T cells are a type of white blood cell that helps the human immune system fight harmful microbes. CAR-T cells are specially modified T cells designed to fight cancer.

“Eshhar’s idea was to take a T cell, modify it genetically by implanting a hybrid receptor that can target the cancer cell and have a second component that activates the T cell to kill the cancer cell,” Cohen said. “This was later developed for the treatment of leukemia and lymphoma, and we are now hoping to open CAR-T clinical trials in Israel to treat multiple myeloma in the next few months.”

Dr. Moshe Gat chairs the Israeli Multiple Myeloma Study Group, a gathering of 20 to 30 physicians who meet every few months to discuss current topics in myeloma. The group runs some joint clinical trials and advocates for better patient care and enhanced access to medication.

“When I was a fellow 15 years ago, the median survival for a patient with multiple myeloma was 2 1/2 years,” Gat said. “Since then it’s nearly quadrupled, and I don’t know what to say to a new patient since so many treatments are coming online.”

About 550 people in Israel are diagnosed with multiple myeloma each year, with some 3,500 patients living with the disease at any given time, according to Norman, who chairs AMEN-The Israeli Association of Myeloma Patients. The nonprofit, founded in 2005, advocates for multiple myeloma patients throughout Israel, including offering support through monthly meetings, empowerment workshops and an active Facebook group with more than 600 members.

“These days, people are living with myeloma much longer than they used to,” Norman said. “Even if they’re diagnosed at the age of 40, they will make it into their 60s.”
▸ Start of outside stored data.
lemma lex_weight_nth:
  assumes "distinct zs" and "i < length zs"
  shows "lex_weight zs (zs ! i) = 2 ^ (length zs - Suc i)"
proof -
  have "lex_weight zs (zs ! i) = (\<Sum>j<length zs. if j = i then 2 ^ (length zs - Suc j) else 0)"
    unfolding lex_weight_def using assms by (intro sum.cong) (auto simp: nth_eq_iff_index_eq)
  then show ?thesis using assms by simp
qed

lemma lex_weight_less:
  assumes "distinct zs" and "i < j" and "j < length zs"
  shows "lex_weight zs (zs ! j) < lex_weight zs (zs ! i)"
  using assms by (simp add: lex_weight_nth power_strict_increasing)

lemma canon_olex:
  assumes "bij \<sigma>" and "bij \<tau>"
  shows "canon (olex zs (\<lambda>y. Pos (\<sigma> y)) (\<lambda>y. Pos (\<tau> y)))
           = (\<lambda>x. lex_weight zs (inv \<tau> x) - lex_weight zs (inv \<sigma> x), 0)"
proof -
  have preimage: "(\<rho> y = x) = (y = inv \<rho> x)" if "bij \<rho>" for \<rho> and x y :: 'a
    using that by (auto simp: bij_inv_eq_iff)
  have neg_if: "(if P then - a else 0) = - (if P then a else (0::int))" for P a
    by simp
  show ?thesis
    unfolding canon_def olex_def lex_weight_def
    apply (simp only: fst_conv snd_conv image_mset_union sum_mset.union mset_map[symmetric]
        sum_mset_sum_list map_map o_def)
    apply (simp add: sum_list_addf preimage[OF assms(1)] preimage[OF assms(2)] atLeast0LessThan
        neg_if sum_negf flip: sum_set_upt_conv_sum_list_nat)
    done
qed

lemma canon_olex_swap_Pos:
  "canon (olex zs (swap u v) Pos)
     = (\<lambda>x. (lex_weight zs v - lex_weight zs u) * ((if x = v then 1 else 0) - (if x = u then 1 else 0)), 0)"
  using canon_olex[of "transpose u v" id zs]
  by (cases "u = v") (auto simp: swap_eq_transpose fun_eq_iff transpose_def)

lemma canon_olex_Pos_swap:
  "canon (olex zs Pos (swap u v))
     = (\<lambda>x. (lex_weight zs v - lex_weight zs u) * ((if x = u then 1 else 0) - (if x = v then 1 else 0)), 0)"
  using canon_olex[of id "transpose u v" zs]
  by (cases "u = v") (auto simp: swap_eq_transpose fun_eq_iff transpose_def)
lemma sum_weight_products_by_label:
  fixes a :: "'i \<Rightarrow> real" and c :: "'i \<Rightarrow> 'b"
  assumes "finite I"
  shows "(\<Sum>i\<in>I. \<Sum>j\<in>I. a i * a j * (if c i = c j then 1 else r))
       = (\<Sum>i\<in>I. a i)\<^sup>2 - (1 - r) * (\<Sum>i\<in>I. \<Sum>j | j \<in> I \<and> c j \<noteq> c i. a i * a j)"
proof -
  have "(\<Sum>j\<in>I. a i * a j * (if c i = c j then 1 else r))
      = (\<Sum>j\<in>I. a i * a j) - (1 - r) * (\<Sum>j | j \<in> I \<and> c j \<noteq> c i. a i * a j)" for i
  proof -
    have "(\<Sum>j | j \<in> I \<and> c j \<noteq> c i. a i * a j) = (\<Sum>j\<in>I. if c j \<noteq> c i then a i * a j else 0)"
      using sum.inter_filter[OF assms, of "\<lambda>j. a i * a j" "\<lambda>j. c j \<noteq> c i"] by simp
    moreover have "(\<Sum>j\<in>I. a i * a j * (if c i = c j then 1 else r))
        = (\<Sum>j\<in>I. a i * a j - (1 - r) * (if c j \<noteq> c i then a i * a j else 0))"
      by (rule sum.cong) (auto simp: algebra_simps)
    ultimately show ?thesis by (simp add: sum_subtractf sum_distrib_left)
  qed
  moreover have "(\<Sum>i\<in>I. a i)\<^sup>2 = (\<Sum>i\<in>I. \<Sum>j\<in>I. a i * a j)"
    by (simp add: power2_eq_square sum_product)
  ultimately show ?thesis by (simp add: sum_subtractf sum_distrib_left)
qed

lemma variance_pmf_of_set:
  fixes g :: "'a \<Rightarrow> real"
  assumes "finite S" "S \<noteq> {}"
  shows "measure_pmf.variance (pmf_of_set S) g
       = (\<Sum>x\<in>S. (g x)\<^sup>2) / card S - ((\<Sum>x\<in>S. g x) / card S)\<^sup>2"
  using assms
  by (subst measure_pmf.variance_eq) (simp_all add: integrable_measure_pmf_finite integral_pmf_of_set)

lemma variance_dose:
  assumes P: "partition_on {..<N} C" and finC: "finite C"
    and KT: "0 < KT" "KT \<le> card C" and pos: "0 < colsum N w s"
  shows "measure_pmf.variance (cluster_design C KT) (\<lambda>Z. dose N w Z s)
       = 1 - (sign_mean (card C) KT)\<^sup>2 - (1 - sign_corr (card C) KT) *
         (\<Sum>i<N. \<Sum>j\<in>{..<N} - cluster_of C i. (w i s / colsum N w s) * (w j s / colsum N w s))"
proof -
  define S where "S = {T. T \<subseteq> C \<and> card T = KT}"
  define a where "a i = w i s / colsum N w s" for i
  define Y where "Y i T = treatment_sign (cluster_of C i) T" for i T
  define g where "g T = (\<Sum>i<N. a i * Y i T)" for T
  have card_S: "card S = card C choose KT" using n_subsets[OF finC] unfolding S_def by simp
  hence "card S > 0" using KT by simp
  hence finS: "finite S" and S_ne: "S \<noteq> {}" using card_gt_0_iff by blast+
  have sum_a: "(\<Sum>i<N. a i) = 1"
    using pos unfolding a_def colsum_def by (simp add: sum_divide_distrib[symmetric])
  have cluster_in: "cluster_of C i \<in> C" if "i < N" for i
    using cluster_of_mem[OF P] that by simp
  have mean_Y: "(\<Sum>T\<in>S. Y i T) / card S = sign_mean (card C) KT" if "i < N" for i
    using mean_treatment_sign[OF finC cluster_in[OF that] KT(1)] card_S
    unfolding Y_def S_def by simp
  have mean_YY: "(\<Sum>T\<in>S. Y i T * Y j T) / card S
      = (if cluster_of C i = cluster_of C j then 1 else sign_corr (card C) KT)"
    if "i < N" "j < N" for i j
  proof (cases "cluster_of C i = cluster_of C j")
    case True
    then have "(\<Sum>T\<in>S. Y i T * Y j T) = (\<Sum>T\<in>S. 1)"
      by (intro sum.cong) (simp_all add: Y_def treatment_sign_def)
    with True \<open>card S > 0\<close> show ?thesis by simp
  next
    case False
    with mean_treatment_sign_product[OF finC cluster_in[OF that(1)] cluster_in[OF that(2)] _ KT(1)]
    show ?thesis using card_S unfolding Y_def S_def by simp
  qed
  have "dose N w (\<lambda>i. if cluster_of C i \<in> T then 1 else -1) s = g T" for T
    by (simp add: dose_def g_def a_def Y_def treatment_sign_def sum_divide_distrib)
  then have "measure_pmf.variance (cluster_design C KT) (\<lambda>Z. dose N w Z s)
      = measure_pmf.variance (pmf_of_set S) g"
    unfolding cluster_design_def S_def[symmetric] by simp
  also have "\<dots> = (\<Sum>T\<in>S. (g T)\<^sup>2) / card S - ((\<Sum>T\<in>S. g T) / card S)\<^sup>2"
    by (rule variance_pmf_of_set[OF finS S_ne])
  also have "(\<Sum>T\<in>S. g T) / card S = (\<Sum>i<N. a i * ((\<Sum>T\<in>S. Y i T) / card S))"
    unfolding g_def by (simp add: sum.swap[of _ S] sum_distrib_left sum_divide_distrib)
  also have "\<dots> = sign_mean (card C) KT"
    using sum_a by (simp add: mean_Y sum_distrib_right[symmetric])
  also have "(\<Sum>T\<in>S. (g T)\<^sup>2) / card S
      = (\<Sum>i<N. \<Sum>j<N. a i * a j * ((\<Sum>T\<in>S. Y i T * Y j T) / card S))"
    unfolding g_def power2_eq_square sum_product
    by (simp add: sum.swap[of _ S] sum_distrib_left sum_divide_distrib algebra_simps)
  also have "\<dots> = (\<Sum>i<N. \<Sum>j<N. a i * a j *
                   (if cluster_of C i = cluster_of C j then 1 else sign_corr (card C) KT))"
    by (intro sum.cong refl) (simp add: mean_YY)
  also have "\<dots> = 1 - (1 - sign_corr (card C) KT) *
      (\<Sum>i<N. \<Sum>j | j \<in> {..<N} \<and> cluster_of C j \<noteq> cluster_of C i. a i * a j)"
    using sum_weight_products_by_label[of "{..<N}" a "cluster_of C"] sum_a by simp
  also have "(\<Sum>i<N. \<Sum>j | j \<in> {..<N} \<and> cluster_of C j \<noteq> cluster_of C i. a i * a j)
      = (\<Sum>i<N. \<Sum>j\<in>{..<N} - cluster_of C i. a i * a j)"
    by (intro sum.cong refl arg_cong[where f="\<lambda>A. sum _ A"]) (auto simp: mem_cluster_of_iff[OF P])
  finally show ?thesis by (simp add: a_def)
qed

lemma trace_var_dose_eq:
  assumes "C \<in> balanced_partitions N K" and "0 < KT" "KT \<le> K"
    and "\<And>s. s < M \<Longrightarrow> 0 < (\<Sum>i<N. w i s)"
  shows "trace_var_dose N M w KT C
       = M * (1 - (sign_mean K KT)\<^sup>2) - (1 - sign_corr K KT) * cross_cluster_weight N M w C"
proof -
  have P: "partition_on {..<N} C" and card_C: "card C = K" and "finite C"
    using assms(1-3) card_ge_0_finite[of C] unfolding balanced_partitions_def by auto
  have "trace_var_dose N M w KT C = (\<Sum>s<M. 1 - (sign_mean K KT)\<^sup>2 - (1 - sign_corr K KT) *
      (\<Sum>i<N. \<Sum>j\<in>{..<N} - cluster_of C i. (w i s / colsum N w s) * (w j s / colsum N w s)))"
    unfolding trace_var_dose_def card_C[symmetric]
    using variance_dose[OF P \<open>finite C\<close>] assms(2-4) card_C by (simp add: colsum_def)
  also have "\<dots> = M * (1 - (sign_mean K KT)\<^sup>2) - (1 - sign_corr K KT) * cross_cluster_weight N M w C"
    unfolding cross_cluster_weight_def
    by (simp add: sum_subtractf sum_distrib_left sum.swap[of _ "{..<M}"])
  finally show ?thesis .
qed

theorem mainTheorem8:
  fixes N M K KT :: nat and w :: "nat \<Rightarrow> nat \<Rightarrow> real"
  assumes "2 \<le> K" and "K dvd N"
    and "0 < KT" and "KT < K"
    and "\<And>i s. i < N \<Longrightarrow> s < M \<Longrightarrow> 0 \<le> w i s"
    and "\<And>s. s < M \<Longrightarrow> 0 < (\<Sum>i<N. w i s)"
  shows "{C \<in> balanced_partitions N K. \<forall>C' \<in> balanced_partitions N K.
            trace_var_dose N M w KT C' \<le> trace_var_dose N M w KT C}
       = {C \<in> balanced_partitions N K. \<forall>C' \<in> balanced_partitions N K.
            cross_cluster_weight N M w C \<le> cross_cluster_weight N M w C'}"
proof -
  have "0 < 1 - sign_corr K KT" using sign_corr_less_one[OF assms(3,4)] by simp
  moreover have "trace_var_dose N M w KT C
      = M * (1 - (sign_mean K KT)\<^sup>2) - (1 - sign_corr K KT) * cross_cluster_weight N M w C"
    if "C \<in> balanced_partitions N K" for C
    using trace_var_dose_eq[OF that assms(3)] assms(4,6) by simp
  ultimately have "trace_var_dose N M w KT C' \<le> trace_var_dose N M w KT C
      \<longleftrightarrow> cross_cluster_weight N M w C \<le> cross_cluster_weight N M w C'"
    if "C \<in> balanced_partitions N K" "C' \<in> balanced_partitions N K" for C C'
    using that by (simp add: mult_le_cancel_left_pos)
  then show ?thesis by blast
qed

end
The most difficult thing about living with myeloma, Norman said, is the inevitability that her health will take a turn for the worse.

“For now there’s no cure, so even when you’re in remission you know it’s going to come back,” Norman said. “You don’t know when or how, but every physician you ask will say ‘You’re going to relapse.’ We always carry this fear.”

While the median age for a multiple myeloma diagnosis is 70, some patients get it much younger. Norman says it is outdated thinking to view it as a disease of the elderly.

Myeloma is one of the many cancers that the Israel Cancer Research Fund is targeting through research.

“We’re trying to use the best minds in the world to ask the fundamental questions about cancer cells: How do they grow, how do they metastasize, how do they invade normal tissue and ultimately do things which make people sick and die?” said Israel of the ICRF. “We contribute to the fund of knowledge on which cancer interventions are based. This is where the investment really counts.”